Say only how many lines in the entries below contain the word "proof".

[Extracted information]

lemma subdiff_pos_homogeneous_iff:
  assumes hom: "pos_homogeneous p"
  shows "s \<in> subdiff p y \<longleftrightarrow> (\<forall>z. inner s z \<le> p z) \<and> inner s y = p y"
proof
  assume s: "s \<in> subdiff p y"
  have "p 0 \<ge> p y + inner s (0 - y)" "p (2 *\<^sub>R y) \<ge> p y + inner s (2 *\<^sub>R y - y)"
    using s unfolding subdiff_def by blast+
  moreover have "p 0 = 0" "p (2 *\<^sub>R y) = 2 * p y"
    using hom pos_homogeneous_zero[OF hom] unfolding pos_homogeneous_def by simp_all
  ultimately have "inner s y = p y" by (simp add: algebra_simps)
  moreover have "inner s z \<le> p z" for z
    using s \<open>inner s y = p y\<close> unfolding subdiff_def by (force simp: inner_diff_right)
  ultimately show "(\<forall>z. inner s z \<le> p z) \<and> inner s y = p y" by blast
qed (auto simp: subdiff_def inner_diff_right)

lemma convex_strict_hypograph:
  assumes "concave_on C q"
  shows "convex {(z, t). z \<in> C \<and> t < q z}"
  unfolding convex_def
proof (clarsimp)
  fix z1 t1 z2 t2 and u v :: real
  assume z: "z1 \<in> C" "z2 \<in> C" and t: "t1 < q z1" "t2 < q z2"
    and uv: "0 \<le> u" "0 \<le> v" "u + v = 1"
  have "u *\<^sub>R z1 + v *\<^sub>R z2 \<in> C"
    using assms z uv unfolding concave_on_iff convex_def by blast
  moreover have "u * t1 + v * t2 < u * q z1 + v * q z2"
  proof (cases "u = 0")
    case True
    then show ?thesis using t uv by simp
  next
    case False
    then show ?thesis
      using t uv by (intro add_less_le_mono mult_strict_left_mono mult_left_mono) auto
  qed
  moreover have "u * q z1 + v * q z2 \<le> q (u *\<^sub>R z1 + v *\<^sub>R z2)"
    using assms z uv unfolding concave_on_iff by blast
  ultimately show "u *\<^sub>R z1 + v *\<^sub>R z2 \<in> C \<and> u * t1 + v * t2 < q (u *\<^sub>R z1 + v *\<^sub>R z2)"
    by simp
qed
section \<open>Optimal rate profiles of one cluster\<close>

definition row_cost :: "nat \<Rightarrow> nat \<Rightarrow> (nat \<Rightarrow> real) \<Rightarrow> (nat \<Rightarrow> real) \<Rightarrow> real" where
  "row_cost n K w t = (\<Sum>k = 1..K. w k * inverse (t k ^ n))"

lemma row_cost_fun_upd:
  "k \<in> {1..K} \<Longrightarrow>
    row_cost n K w (t(k := v)) = row_cost n K w t + w k * (inverse (v ^ n) - inverse (t k ^ n))"
  unfolding row_cost_def
  using sum_fun_upd_diff[of "{1..K}" k "\<lambda>i x. w i * inverse (x ^ n)" t v]
  by (simp add: right_diff_distrib)

(* One cluster m of the problem: c_i = 2^{R_{m,i}} - 1, w_i = phi_{m,i} R_{m,i} and s = 1/M. *)
locale row_optimum =
  fixes n K :: nat and s :: real and c w z \<theta> :: "nat \<Rightarrow> real"
  assumes n_pos: "1 \<le> n" and K_pos: "1 \<le> K"
    and c_pos: "\<And>i. i \<in> {1..K} \<Longrightarrow> 0 < c i"
    and w_pos: "\<And>i. i \<in> {1..K} \<Longrightarrow> 0 < w i"
    and feasible: "row_feasible K s c z \<theta>"
    and minimal: "\<And>z' t. row_feasible K s c z' t \<Longrightarrow> row_cost n K w \<theta> \<le> row_cost n K w t"
begin

lemma sum_z: "(\<Sum>k = 1..K. z k) = s"
  and z_pos: "i \<in> {1..K} \<Longrightarrow> 0 < z i"
  and theta_pos: "i \<in> {1..K} \<Longrightarrow> 0 < \<theta> i"
  and theta_le_margin: "k \<in> {1..K} \<Longrightarrow> i \<in> {k..K} \<Longrightarrow> \<theta> k \<le> sic_margin c z i"
  using feasible unfolding row_feasible_def by blast+

lemma row_cost_pos: "0 < row_cost n K w \<theta>"
  unfolding row_cost_def using K_pos w_pos theta_pos by (intro sum_pos) auto

lemma row_cost_le_of_budget:
  assumes "\<And>i. i \<in> {1..K} \<Longrightarrow> 0 < t i" "\<And>i. i \<in> {1..<K} \<Longrightarrow> t i \<le> t (Suc i)"
    and "required_budget c t K \<le> s"
  shows "row_cost n K w \<theta> \<le> row_cost n K w t"
  using ex_row_feasible_of_budget[OF K_pos c_pos assms] minimal by blast

lemma theta_mono:
  assumes k: "k \<in> {1..<K}"
  shows "\<theta> k \<le> \<theta> (Suc k)"
proof (rule ccontr)
  assume "\<not> \<theta> k \<le> \<theta> (Suc k)"
  then have lt: "\<theta> (Suc k) < \<theta> k" by simp
  \<comment> \<open>the constraints on the rate of user \<open>k + 1\<close> are among those on the rate of user \<open>k\<close>\<close>
  define t where "t = \<theta>(Suc k := \<theta> k)"
  have "t k' \<le> sic_margin c z i" if "k' \<in> {1..K}" "i \<in> {k'..K}" for k' i
    using that k theta_le_margin[of k' i] theta_le_margin[of k i] by (auto simp: t_def)
  then have "row_feasible K s c z t"
    using k sum_z z_pos theta_pos unfolding row_feasible_def t_def by auto
  then have "row_cost n K w \<theta> \<le> row_cost n K w t"
    by (rule minimal)
  moreover have "inverse (\<theta> k ^ n) < inverse (\<theta> (Suc k) ^ n)"
    using lt theta_pos[of "Suc k"] k n_pos by (intro less_imp_inverse_less power_strict_mono) auto
  then have "row_cost n K w t < row_cost n K w \<theta>"
    using k w_pos[of "Suc k"] unfolding t_def by (simp add: row_cost_fun_upd mult_pos_neg)
  ultimately show False by simp
qed

lemma required_budget_eq: "required_budget c \<theta> K = s"
proof (rule ccontr)
  have gap: "required_budget c \<theta> K \<le> s"
    using required_budget_gap[of K c \<theta> z] c_pos theta_le_margin sum_z by auto
  assume "required_budget c \<theta> K \<noteq> s"
  with gap have lt: "required_budget c \<theta> K < s" by simp
  have T: "0 < required_budget c \<theta> K"
    using K_pos c_pos theta_pos by (rule required_budget_pos)
  define a where "a = s / required_budget c \<theta> K"
  have a: "1 < a"
    using lt T by (simp add: a_def)
  have "row_cost n K w \<theta> \<le> row_cost n K w (\<lambda>i. a * \<theta> i)"
  proof (rule row_cost_le_of_budget)
    show "required_budget c (\<lambda>i. a * \<theta> i) K \<le> s"
      unfolding required_budget_scale using T by (simp add: a_def)
  qed (use a theta_pos theta_mono in auto)
  also have "row_cost n K w (\<lambda>i. a * \<theta> i) = inverse (a ^ n) * row_cost n K w \<theta>"
    unfolding row_cost_def by (simp add: sum_distrib_left power_mult_distrib mult_ac)
  also have "\<dots> < row_cost n K w \<theta>"
    using a n_pos row_cost_pos by (simp add: inverse_less_1_iff one_less_power)
  finally show False by simp
qed

lemma theta_eq_margin:
  assumes i: "i \<in> {1..K}"
  shows "\<theta> i = sic_margin c z i"
proof -
  have "c i * (sic_margin c z i - \<theta> i) \<le> 0"
    using required_budget_gap[of K c \<theta> z] c_pos theta_le_margin sum_z required_budget_eq i by auto
  then show ?thesis
    using c_pos[OF i] theta_le_margin[OF i, of i] i by (simp add: mult_le_0_iff)
qed
(* Let $L$ be an even hyperbolic lattice with fixed positive cone $\mathcal{P}_L$, let $G$ be a subgroup of $\mathrm{O}^+(L)$ of finite index, and let $\mathcal{V}\subset\mathcal{N}_L\cap L^\vee$ satisfy conditions (V1)–(V4) below. Let $\Pi=\mathbb{R}_{\ge0}v_1+\cdots+\mathbb{R}_{\ge0}v_n$ be a rational polyhedral cone, where $v_1,\dots,v_n$ are non-zero vectors of $\overline{\mathcal{P}}_L\cap L$. Then the number of $\mathcal{V}^*$-chambers that intersect $\Pi\cap\mathcal{P}_L$ is finite. (V1) There is $c>0$ with $-v^2<c$ for all $v\in\mathcal{V}$. (V2) $\mathcal{V}$ is $G$-invariant. (V3) Every $\mathcal{V}^*$-chamber has a finite defining set. (V4) For every $\mathcal{V}^*$-chamber $D$, every non-zero vector $x$ in the closure of $D$ in $L\otimes\mathbb{R}$ with $x^2=0$ is a positive real multiple of a vector of $L$.
   Context: $L$ is an even hyperbolic lattice: a free $\mathbb{Z}$-module of finite rank $n>1$ with a non-degenerate even symmetric bilinear form $\langle\ ,\ \rangle$ of signature $(1,n-1)$, extended to $L\otimes\mathbb{R}$, $x^2=\langle x,x\rangle$. $L^\vee\subset L\otimes\mathbb{Q}$ is the dual lattice. $\mathcal{P}_L$ is one of the two connected components of $\{x: x^2>0\}$ and $\overline{\mathcal{P}}_L$ its closure in $L\otimes\mathbb{R}$; $\mathrm{O}^+(L)$ is the group of isometries of $L$ preserving $\mathcal{P}_L$. $\mathcal{N}_L=\{v\in L\otimes\mathbb{R}: v^2<0\}$; for $v\in\mathcal{N}_L$, $(v)^\perp=\{x\in\mathcal{P}_L:\langle x,v\rangle=0\}$. For $\Delta\subset\mathcal{N}_L$, $\Sigma_L(\Delta)=\{x:\langle x,v\rangle\ge0\ \forall v\in\Delta\}$. A $\mathcal{V}^*$-chamber is the closure in $\mathcal{P}_L$ of a connected component of $\mathcal{P}_L\setminus\bigcup_{v\in\mathcal{V}}(v)^\perp$ (this family of hyperplanes is locally finite under (V1)). A defining set of a $\mathcal{V}^*$-chamber $D$ is a subset $\Delta\subset\mathcal{N}_L\cap L^\vee$ with $D=\Sigma_L(\Delta)\cap\mathcal{P}_L$. *)

theory Defs
  imports "HOL-Analysis.Analysis"
begin

text \<open>The lattice L is Z^n inside L (x) R = R^n (index type 'n), with bilinear form
  given by a Gram matrix B (entries are the pairings of the basis vectors).\<close>

definition bform :: "real^'n^'n \<Rightarrow> real^'n \<Rightarrow> real^'n \<Rightarrow> real" where
  "bform B x y = x \<bullet> (B *v y)"

definition lat :: "(real^'n) set" where
  "lat = {x. \<forall>i. x $ i \<in> \<int>}"

definition dual_lat :: "real^'n^'n \<Rightarrow> (real^'n) set" where
  "dual_lat B = {x. (\<forall>i. x $ i \<in> \<rat>) \<and> (\<forall>l\<in>lat. bform B x l \<in> \<int>)}"

text \<open>Even hyperbolic lattice: integral symmetric Gram matrix, even diagonal,
  non-degenerate, signature (1, n-1) (Sylvester normal form), rank n > 1.\<close>
definition even_hyperbolic :: "real^'n^'n \<Rightarrow> bool" where
  "even_hyperbolic B \<longleftrightarrow> CARD('n) > 1 \<and>
     (\<forall>i j. B $ i $ j \<in> \<int>) \<and> transpose B = B \<and>
     (\<forall>i. \<exists>k::int. B $ i $ i = 2 * of_int k) \<and> det B \<noteq> 0 \<and>
     (\<exists>(P::real^'n^'n) i0. invertible P \<and>
        transpose P ** B ** P = (\<chi> i j. if i = j then (if i = i0 then 1 else -1) else 0))"

definition pos_cone :: "real^'n^'n \<Rightarrow> real^'n \<Rightarrow> (real^'n) set" where
  "pos_cone B h = connected_component_set {x. bform B x x > 0} h"

definition neg_set :: "real^'n^'n \<Rightarrow> (real^'n) set" where
  "neg_set B = {v. bform B v v < 0}"

definition perp_hyp :: "real^'n^'n \<Rightarrow> real^'n \<Rightarrow> real^'n \<Rightarrow> (real^'n) set" where
  "perp_hyp B h v = {x \<in> pos_cone B h. bform B x v = 0}"

definition Sigma_L :: "real^'n^'n \<Rightarrow> (real^'n) set \<Rightarrow> (real^'n) set" where
  "Sigma_L B \<Delta> = {x. \<forall>v\<in>\<Delta>. bform B x v \<ge> 0}"

definition O_plus :: "real^'n^'n \<Rightarrow> real^'n \<Rightarrow> (real^'n \<Rightarrow> real^'n) set" where
  "O_plus B h = {g. linear g \<and> bij g \<and> g ` lat = lat \<and>
      (\<forall>x y. bform B (g x) (g y) = bform B x y) \<and> g ` pos_cone B h = pos_cone B h}"

definition finite_index_subgroup ::
  "(real^'n \<Rightarrow> real^'n) set \<Rightarrow> (real^'n \<Rightarrow> real^'n) set \<Rightarrow> bool" where
  "finite_index_subgroup G Og \<longleftrightarrow> G \<subseteq> Og \<and> id \<in> G \<and>
     (\<forall>g\<in>G. \<forall>k\<in>G. g \<circ> k \<in> G) \<and> (\<forall>g\<in>G. inv g \<in> G) \<and>
     (\<exists>F. finite F \<and> F \<subseteq> Og \<and> Og = (\<Union>f\<in>F. (\<lambda>g. f \<circ> g) ` G))"

definition chambers :: "real^'n^'n \<Rightarrow> real^'n \<Rightarrow> (real^'n) set \<Rightarrow> (real^'n) set set" where
  "chambers B h V = (let U = pos_cone B h - (\<Union>v\<in>V. perp_hyp B h v) in
     {closure (connected_component_set U x) \<inter> pos_cone B h | x. x \<in> U})"

definition defining_set :: "real^'n^'n \<Rightarrow> real^'n \<Rightarrow> (real^'n) set \<Rightarrow> (real^'n) set \<Rightarrow> bool" where
  "defining_set B h D \<Delta> \<longleftrightarrow> \<Delta> \<subseteq> neg_set B \<inter> dual_lat B \<and> D = Sigma_L B \<Delta> \<inter> pos_cone B h"

end

theory Submission
  imports Defs
begin

text \<open>
  Only finitely many walls \<open>v\<^sup>\<perp>\<close>, \<open>v \<in> \<V>\<close>, meet \<open>\<Pi> \<inter> \<P>\<^sub>L\<close>. If \<open>v\<close> is orthogonal to a point of \<open>\<Pi> \<inter> \<P>\<^sub>L\<close>, normalize it
  so that its largest coefficient, at a generator \<open>m\<close>, is \<open>1\<close>. Either \<open>m\<close> is timelike, or \<open>m\<close> is isotropic
  and the generators pairing positively with \<open>m\<close> carry a large weight, or that weight is small; in
  the last case the bounds \<open>-v\<^sup>2 < c\<close> and \<open>\<langle>v, m\<rangle> \<in> \<int>\<close> force \<open>\<langle>v, m\<rangle> = 0\<close>. In every case \<open>v\<close> is
  orthogonal to a combination \<open>w\<close> of the generators with coefficients in \<open>[0, 1]\<close> and with \<open>w\<^sup>2\<close>
  bounded below by a constant depending only on \<open>\<Pi>\<close> and \<open>c\<close>. As \<open>w\<^sup>\<perp>\<close> is negative definite, this
  bounds the integral coordinates of \<open>B v\<close>, leaving finitely many walls. Finally \<open>\<Pi> \<inter> \<P>\<^sub>L\<close> is connected, so a
  chamber meeting it is determined by its signs on those walls.
\<close>

section \<open>Bilinear forms, signature and lattice points\<close>

lemma bform_zero [simp]: "bform B 0 z = 0" "bform B z 0 = 0"
  by (simp_all add: bform_def)

lemma bform_add_left: "bform B (x + y) z = bform B x z + bform B y z"
  by (simp add: bform_def inner_add_left)

lemma bform_diff_left: "bform B (x - y) z = bform B x z - bform B y z"
  by (simp add: bform_def inner_diff_left)

lemma bform_scaleR_left: "bform B (a *\<^sub>R x) z = a * bform B x z"
  by (simp add: bform_def)

lemma bform_sum_left: "bform B (\<Sum>s\<in>S. f s) z = (\<Sum>s\<in>S. bform B (f s) z)"
  by (simp add: bform_def inner_sum_left)

lemma bform_add_right: "bform B z (x + y) = bform B z x + bform B z y"
  by (simp add: bform_def matrix_vector_right_distrib inner_add_right)

lemma bform_diff_right: "bform B z (x - y) = bform B z x - bform B z y"
  by (simp add: bform_def matrix_vector_mult_diff_distrib inner_diff_right)

lemma bform_scaleR_right: "bform B z (a *\<^sub>R x) = a * bform B z x"
  by (simp add: bform_def matrix_vector_mult_scaleR)

lemma bform_sum_right: "bform B z (\<Sum>s\<in>S. f s) = (\<Sum>s\<in>S. bform B z (f s))"
  by (induction S rule: infinite_finite_induct) (simp_all add: bform_add_right)

lemmas bform_linear =
  bform_add_left bform_diff_left bform_scaleR_left bform_sum_left
  bform_add_right bform_diff_right bform_scaleR_right bform_sum_right

lemma bform_commute: "transpose B = B \<Longrightarrow> bform B x y = bform B y x"
  by (metis bform_def dot_lmul_matrix inner_commute vector_transpose_matrix)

[/Extracted information]

* **Finished exercise**
7